Stored items from a collection:
◆ ◆ ◆ ◆
definition circ_connected :: "nat \<Rightarrow> nat set \<Rightarrow> bool" where
  "circ_connected n S \<longleftrightarrow> (\<forall>u<n. \<forall>v<n. (u, v) \<in> (circ_edges n S)\<^sup>*)"

definition is_perfect_code :: "nat \<Rightarrow> nat set \<Rightarrow> nat set \<Rightarrow> bool" where
  "is_perfect_code n S C \<longleftrightarrow>
     C \<subseteq> {0..<n} \<and>
     (\<forall>c\<in>C. \<forall>c'\<in>C. \<not> circ_adj n S c c') \<and>
     (\<forall>v\<in>{0..<n} - C. card {c\<in>C. circ_adj n S v c} = 1)"

definition has_perfect_code :: "nat \<Rightarrow> nat set \<Rightarrow> bool" where
  "has_perfect_code n S \<longleftrightarrow> (\<exists>C. is_perfect_code n S C)"

end

theory Submission
  imports Defs "HOL-Computational_Algebra.Polynomial" "HOL-Number_Theory.Cong"
begin

text \<open>A perfect code \<open>C\<close> is exactly a set such that every element of \<open>\<int>\<^sub>n\<close> is uniquely
  \<open>t + c\<close> with \<open>t \<in> T = S \<union> {0}\<close> and \<open>c \<in> C\<close>; thus \<open>|T| = p\<close> divides \<open>n\<close>. Conversely, if the
  elements of \<open>T\<close> are pairwise incongruent mod \<open>p\<close> and \<open>p\<close> divides \<open>n\<close>, the multiples of \<open>p\<close>
  form such a \<open>C\<close>. For necessity of the congruence condition, a polynomial argument in the group
  ring \<open>\<int>[\<int>\<^sub>n]\<close> (the freshman's dream modulo \<open>p\<close>) shows that \<open>C + p t = C\<close> for every
  \<open>t \<in> T\<close>; as \<open>S\<close> generates \<open>\<int>\<^sub>n\<close>, \<open>C\<close> is invariant under all multiples of \<open>p\<close>, so
  \<open>s \<equiv> s' (mod p)\<close> would give two decompositions \<open>s + (c + (s' - s)) = s' + c\<close>.\<close>

lemma mod_add_eq_iff:
  fixes a b g n :: nat
  assumes "a < n" "b < n" "g < n"
  shows "(a + b) mod n = g \<longleftrightarrow> b = (g + n - a) mod n"
  using assms by (cases "a + b < n"; cases "g < a") (auto simp: le_mod_geq)

lemma mod_add_sub_eq_0_iff:
  fixes c g n :: nat
  assumes "c < n" "g < n"
  shows "(g + n - c) mod n = 0 \<longleftrightarrow> c = g"
  using mod_add_eq_iff[of c n 0 g] assms by auto

lemma mod_sub_add_cancel:
  fixes c g n :: nat
  assumes "c < n" "g < n"
  shows "((g + n - c) mod n + c) mod n = g"
  using mod_add_eq_iff[of c n "(g + n - c) mod n" g] assms by (simp add: add.commute)

lemma mod_neg_diff_eq:
  fixes u v n :: nat
  assumes "u < n" "v < n"
  shows "(n - (v + n - u) mod n) mod n = (u + n - v) mod n"
proof (cases u v rule: linorder_cases)
  case less
  then have "(v + n - u) mod n = v - u" "(u + n - v) mod n = u + n - v"
    using assms by (simp_all add: le_mod_geq)
  then show ?thesis
    using less assms by simp
next
  case greater
  then have "(v + n - u) mod n = v + n - u" "(u + n - v) mod n = u - v"
    using assms by (simp_all add: le_mod_geq)
  then show ?thesis
    using greater assms by simp
qed simp

lemma mod_add_left_cancel_nat:
  fixes a b c n :: nat
  shows "(a + b) mod n = (a + c) mod n \<longleftrightarrow> b mod n = c mod n"
  using cong_add_lcancel_nat[of a b c n] unfolding cong_def .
◆ ◆ ◆ ◆
WHAT YOU SHOULD DO
Search the records for lines holding the word "where", then copy each line you find.

THE COMPLETED TASK
definition circ_connected :: "nat \<Rightarrow> nat set \<Rightarrow> bool" where
definition is_perfect_code :: "nat \<Rightarrow> nat set \<Rightarrow> nat set \<Rightarrow> bool" where
definition has_perfect_code :: "nat \<Rightarrow> nat set \<Rightarrow> bool" where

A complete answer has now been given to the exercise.